** MATERIAL PROVIDED follows **

(* Let $I\lhd K[x_1,\ldots,x_n]$, let $\pi:\mathbb{R}^n\to\mathbb{R}^{m+1}$ be a rational projection, $l=n-m-1$, and fix $v^{(1)},\ldots,v^{(l)}\in\mathbb{Z}^n$ spanning $\ker\pi$. Let $f_1,\ldots,f_{n-m}\in K[x_1,\ldots,x_n]$, $Y=\bigcap_{i=1}^{n-m}\mathcal{T}(f_i)\subseteq\mathbb{R}^n$ and $\tilde Y=\bigcap_{i=1}^{n-m}\mathcal{T}(\tilde f_i)\subseteq\mathbb{R}^{n+l}$. Then: (a) if the intersection $Y$ is proper, then $\tilde Y$ is proper; (b) if the intersection $Y$ is transversal, then $\tilde Y$ is transversal; (c) if $f_1,\ldots,f_{n-m}$ are Newton-nondegenerate, then $\tilde f_1,\ldots,\tilde f_{n-m}$ are Newton-nondegenerate; (d) if the intersection $Y$ is complete, then $\tilde Y$ is complete.
   Context: $K$ is a field with a real valuation $\mathrm{val}:K\to\mathbb{R}\cup\{\infty\}$, extended to an algebraic closure $\bar K$. For a (Laurent) polynomial $f=\sum_\alpha c_\alpha x^\alpha$ over $K$ in $N$ variables, its tropical hypersurface is $\mathcal{T}(f)=\{w\in\mathbb{R}^N:\ \min_\alpha(\mathrm{val}(c_\alpha)+\alpha\cdot w)\text{ is attained at least twice}\}$; for an ideal $I$, $\mathcal{T}(I)=\bigcap_{f\in I}\mathcal{T}(f)$. $\mathrm{New}(f)$ is the convex hull of the support of $f$; $\mathcal{T}(f)$ is dual to the regular subdivision of $\mathrm{New}(f)$ induced by lifting each exponent $\alpha$ to height $\mathrm{val}(c_\alpha)$ and projecting the lower faces; a cell $C$ of $\mathcal{T}(f)$ has a dual cell $C^\vee$ in this subdivision. A rational projection $\pi:\mathbb{R}^n\to\mathbb{R}^{m+1}$ is $x\mapsto Ax$ with a rational $(m+1)\times n$ matrix $A$ of rank $m+1$. For $f\in K[x_1,\ldots,x_n]$, $\tilde f:=f\big(x_1\prod_{j=1}^l\lambda_j^{v^{(j)}_1},\ldots,x_n\prod_{j=1}^l\lambda_j^{v^{(j)}_n}\big)\in K[x_1,\ldots,x_n,\lambda_1^{\pm1},\ldots,\lambda_l^{\pm1}]$, whose tropical hypersurface lives in $\mathbb{R}^{n+l}$. For $f_1,\ldots,f_k$ in $N$ variables let $Y_i=\mathcal{T}(f_i)$, $Y=Y_1\cap\cdots\cap Y_k$, $U=Y_1\cup\cdots\cup Y_k=\mathcal{T}(f_1\cdots f_k)$. The intersection is proper if $\dim Y=N-k$. For a nonempty cell $C$ of a proper intersection, write $C=\bigcap_i C_i$ with $C_i$ the minimal cell of $Y_i$ containing $C$; the dual cell of $C$ as a cell of $U$ is $C^\vee=C_1^\vee+\cdots+C_k^\vee$, and $Y$ is transversal along $C$ if $\dim C^\vee=\sum_i\dim C_i^\vee$. $Y$ is transversal if for every $J\subseteq\{1,\ldots,k\}$ with $|J|\ge2$ the intersection $\bigcap_{j\in J}Y_j$ is proper and transversal along each of its cells. A proper intersection is complete if $\mathcal{T}(\langle f_1,\ldots,f_k\rangle)=\bigcap_i\mathcal{T}(f_i)$. The polynomials $f_1,\ldots,f_k$ are Newton-nondegenerate if for every choice of faces $A_i\subseteq\mathrm{New}(f_i)$ such that $A_1+\cdots+A_k$ is a face of $\mathrm{New}(f_1)+\cdots+\mathrm{New}(f_k)$ of dimension at most $k-1$, the restrictions $f_i|_{A_i}$ (sum of terms of $f_i$ with exponents in $A_i$) have no common zero in $(\bar K^* )^N$. *)

theory Defs
  imports "HOL-Analysis.Analysis" "HOL-Library.Function_Algebras" "HOL-Library.Poly_Mapping"
    "HOL-Computational_Algebra.Polynomial"
begin

section \<open>Real vector space structure on functions (points of R^N are functions nat => real
  vanishing from index N on)\<close>

instantiation "fun" :: (type, real_vector) real_vector
begin
definition scaleR_fun :: "real \<Rightarrow> ('a \<Rightarrow> 'b) \<Rightarrow> 'a \<Rightarrow> 'b" where
  "scaleR_fun r f = (\<lambda>x. r *\<^sub>R f x)"
instance by standard (auto simp: scaleR_fun_def fun_eq_iff scaleR_add_right scaleR_add_left)
end

section \<open>Laurent polynomials: finitely supported maps from exponent vectors to coefficients.
  Variable i is x_(i+1) (0-based).\<close>

type_synonym 'a lpoly = "(nat \<Rightarrow>\<^sub>0 int) \<Rightarrow>\<^sub>0 'a"

definition rspace :: "nat \<Rightarrow> (nat \<Rightarrow> real) set" where
  "rspace N = {w. \<forall>i\<ge>N. w i = 0}"

text \<open>The ring K[x_0..x_(p-1), x_p^(+-1)..x_(N-1)^(+-1)]: membership predicate.
  With p = N this is the polynomial ring K[x_0..x_(N-1)].\<close>
definition lpoly_in :: "nat \<Rightarrow> nat \<Rightarrow> 'a::zero lpoly \<Rightarrow> bool" where
  "lpoly_in p N f \<longleftrightarrow> (\<forall>\<alpha>\<in>Poly_Mapping.keys f. (\<forall>i<p. 0 \<le> Poly_Mapping.lookup \<alpha> i) \<and> (\<forall>i\<ge>N. Poly_Mapping.lookup \<alpha> i = 0))"

definition expvec :: "(nat \<Rightarrow>\<^sub>0 int) \<Rightarrow> nat \<Rightarrow> real" where
  "expvec \<alpha> = (\<lambda>i. real_of_int (Poly_Mapping.lookup \<alpha> i))"

definition dotp :: "nat \<Rightarrow> (nat \<Rightarrow>\<^sub>0 int) \<Rightarrow> (nat \<Rightarrow> real) \<Rightarrow> real" where
  "dotp N \<alpha> w = (\<Sum>i<N. real_of_int (Poly_Mapping.lookup \<alpha> i) * w i)"

definition tw :: "('a::zero \<Rightarrow> real) \<Rightarrow> nat \<Rightarrow> 'a lpoly \<Rightarrow> (nat \<Rightarrow> real) \<Rightarrow> (nat \<Rightarrow>\<^sub>0 int) \<Rightarrow> real" where
  "tw val N f w \<alpha> = val (Poly_Mapping.lookup f \<alpha>) + dotp N \<alpha> w"

text \<open>Tropical hypersurface T(f) in R^N (convention: T(0) = R^N).\<close>
definition trop_hyp :: "('a::zero \<Rightarrow> real) \<Rightarrow> nat \<Rightarrow> 'a lpoly \<Rightarrow> (nat \<Rightarrow> real) set" where
  "trop_hyp val N f = {w \<in> rspace N. f = 0 \<or>
     (\<exists>\<alpha>\<in>Poly_Mapping.keys f. \<exists>\<beta>\<in>Poly_Mapping.keys f. \<alpha> \<noteq> \<beta> \<and> tw val N f w \<alpha> = tw val N f w \<beta> \<and>
        (\<forall>\<gamma>\<in>Poly_Mapping.keys f. tw val N f w \<alpha> \<le> tw val N f w \<gamma>))}"

definition trop_var :: "('a::zero \<Rightarrow> real) \<Rightarrow> nat \<Rightarrow> 'a lpoly set \<Rightarrow> (nat \<Rightarrow> real) set" where
  "trop_var val N I = {w \<in> rspace N. \<forall>f\<in>I. w \<in> trop_hyp val N f}"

** End of MATERIAL PROVIDED **

**TASK:** Every line of the data should be copied exactly.

**ANSWER SECTION:**
(* Let $I\lhd K[x_1,\ldots,x_n]$, let $\pi:\mathbb{R}^n\to\mathbb{R}^{m+1}$ be a rational projection, $l=n-m-1$, and fix $v^{(1)},\ldots,v^{(l)}\in\mathbb{Z}^n$ spanning $\ker\pi$. Let $f_1,\ldots,f_{n-m}\in K[x_1,\ldots,x_n]$, $Y=\bigcap_{i=1}^{n-m}\mathcal{T}(f_i)\subseteq\mathbb{R}^n$ and $\tilde Y=\bigcap_{i=1}^{n-m}\mathcal{T}(\tilde f_i)\subseteq\mathbb{R}^{n+l}$. Then: (a) if the intersection $Y$ is proper, then $\tilde Y$ is proper; (b) if the intersection $Y$ is transversal, then $\tilde Y$ is transversal; (c) if $f_1,\ldots,f_{n-m}$ are Newton-nondegenerate, then $\tilde f_1,\ldots,\tilde f_{n-m}$ are Newton-nondegenerate; (d) if the intersection $Y$ is complete, then $\tilde Y$ is complete.
   Context: $K$ is a field with a real valuation $\mathrm{val}:K\to\mathbb{R}\cup\{\infty\}$, extended to an algebraic closure $\bar K$. For a (Laurent) polynomial $f=\sum_\alpha c_\alpha x^\alpha$ over $K$ in $N$ variables, its tropical hypersurface is $\mathcal{T}(f)=\{w\in\mathbb{R}^N:\ \min_\alpha(\mathrm{val}(c_\alpha)+\alpha\cdot w)\text{ is attained at least twice}\}$; for an ideal $I$, $\mathcal{T}(I)=\bigcap_{f\in I}\mathcal{T}(f)$. $\mathrm{New}(f)$ is the convex hull of the support of $f$; $\mathcal{T}(f)$ is dual to the regular subdivision of $\mathrm{New}(f)$ induced by lifting each exponent $\alpha$ to height $\mathrm{val}(c_\alpha)$ and projecting the lower faces; a cell $C$ of $\mathcal{T}(f)$ has a dual cell $C^\vee$ in this subdivision. A rational projection $\pi:\mathbb{R}^n\to\mathbb{R}^{m+1}$ is $x\mapsto Ax$ with a rational $(m+1)\times n$ matrix $A$ of rank $m+1$. For $f\in K[x_1,\ldots,x_n]$, $\tilde f:=f\big(x_1\prod_{j=1}^l\lambda_j^{v^{(j)}_1},\ldots,x_n\prod_{j=1}^l\lambda_j^{v^{(j)}_n}\big)\in K[x_1,\ldots,x_n,\lambda_1^{\pm1},\ldots,\lambda_l^{\pm1}]$, whose tropical hypersurface lives in $\mathbb{R}^{n+l}$. For $f_1,\ldots,f_k$ in $N$ variables let $Y_i=\mathcal{T}(f_i)$, $Y=Y_1\cap\cdots\cap Y_k$, $U=Y_1\cup\cdots\cup Y_k=\mathcal{T}(f_1\cdots f_k)$. The intersection is proper if $\dim Y=N-k$. For a nonempty cell $C$ of a proper intersection, write $C=\bigcap_i C_i$ with $C_i$ the minimal cell of $Y_i$ containing $C$; the dual cell of $C$ as a cell of $U$ is $C^\vee=C_1^\vee+\cdots+C_k^\vee$, and $Y$ is transversal along $C$ if $\dim C^\vee=\sum_i\dim C_i^\vee$. $Y$ is transversal if for every $J\subseteq\{1,\ldots,k\}$ with $|J|\ge2$ the intersection $\bigcap_{j\in J}Y_j$ is proper and transversal along each of its cells. A proper intersection is complete if $\mathcal{T}(\langle f_1,\ldots,f_k\rangle)=\bigcap_i\mathcal{T}(f_i)$. The polynomials $f_1,\ldots,f_k$ are Newton-nondegenerate if for every choice of faces $A_i\subseteq\mathrm{New}(f_i)$ such that $A_1+\cdots+A_k$ is a face of $\mathrm{New}(f_1)+\cdots+\mathrm{New}(f_k)$ of dimension at most $k-1$, the restrictions $f_i|_{A_i}$ (sum of terms of $f_i$ with exponents in $A_i$) have no common zero in $(\bar K^* )^N$. *)

theory Defs
  imports "HOL-Analysis.Analysis" "HOL-Library.Function_Algebras" "HOL-Library.Poly_Mapping"
    "HOL-Computational_Algebra.Polynomial"
begin

section \<open>Real vector space structure on functions (points of R^N are functions nat => real
  vanishing from index N on)\<close>

instantiation "fun" :: (type, real_vector) real_vector
begin
definition scaleR_fun :: "real \<Rightarrow> ('a \<Rightarrow> 'b) \<Rightarrow> 'a \<Rightarrow> 'b" where
  "scaleR_fun r f = (\<lambda>x. r *\<^sub>R f x)"
instance by standard (auto simp: scaleR_fun_def fun_eq_iff scaleR_add_right scaleR_add_left)
end

section \<open>Laurent polynomials: finitely supported maps from exponent vectors to coefficients.
  Variable i is x_(i+1) (0-based).\<close>

type_synonym 'a lpoly = "(nat \<Rightarrow>\<^sub>0 int) \<Rightarrow>\<^sub>0 'a"

definition rspace :: "nat \<Rightarrow> (nat \<Rightarrow> real) set" where
  "rspace N = {w. \<forall>i\<ge>N. w i = 0}"

text \<open>The ring K[x_0..x_(p-1), x_p^(+-1)..x_(N-1)^(+-1)]: membership predicate.
  With p = N this is the polynomial ring K[x_0..x_(N-1)].\<close>
definition lpoly_in :: "nat \<Rightarrow> nat \<Rightarrow> 'a::zero lpoly \<Rightarrow> bool" where
  "lpoly_in p N f \<longleftrightarrow> (\<forall>\<alpha>\<in>Poly_Mapping.keys f. (\<forall>i<p. 0 \<le> Poly_Mapping.lookup \<alpha> i) \<and> (\<forall>i\<ge>N. Poly_Mapping.lookup \<alpha> i = 0))"

definition expvec :: "(nat \<Rightarrow>\<^sub>0 int) \<Rightarrow> nat \<Rightarrow> real" where
  "expvec \<alpha> = (\<lambda>i. real_of_int (Poly_Mapping.lookup \<alpha> i))"

definition dotp :: "nat \<Rightarrow> (nat \<Rightarrow>\<^sub>0 int) \<Rightarrow> (nat \<Rightarrow> real) \<Rightarrow> real" where
  "dotp N \<alpha> w = (\<Sum>i<N. real_of_int (Poly_Mapping.lookup \<alpha> i) * w i)"

definition tw :: "('a::zero \<Rightarrow> real) \<Rightarrow> nat \<Rightarrow> 'a lpoly \<Rightarrow> (nat \<Rightarrow> real) \<Rightarrow> (nat \<Rightarrow>\<^sub>0 int) \<Rightarrow> real" where
  "tw val N f w \<alpha> = val (Poly_Mapping.lookup f \<alpha>) + dotp N \<alpha> w"

text \<open>Tropical hypersurface T(f) in R^N (convention: T(0) = R^N).\<close>
definition trop_hyp :: "('a::zero \<Rightarrow> real) \<Rightarrow> nat \<Rightarrow> 'a lpoly \<Rightarrow> (nat \<Rightarrow> real) set" where
  "trop_hyp val N f = {w \<in> rspace N. f = 0 \<or>
     (\<exists>\<alpha>\<in>Poly_Mapping.keys f. \<exists>\<beta>\<in>Poly_Mapping.keys f. \<alpha> \<noteq> \<beta> \<and> tw val N f w \<alpha> = tw val N f w \<beta> \<and>
        (\<forall>\<gamma>\<in>Poly_Mapping.keys f. tw val N f w \<alpha> \<le> tw val N f w \<gamma>))}"

definition trop_var :: "('a::zero \<Rightarrow> real) \<Rightarrow> nat \<Rightarrow> 'a lpoly set \<Rightarrow> (nat \<Rightarrow> real) set" where
  "trop_var val N I = {w \<in> rspace N. \<forall>f\<in>I. w \<in> trop_hyp val N f}"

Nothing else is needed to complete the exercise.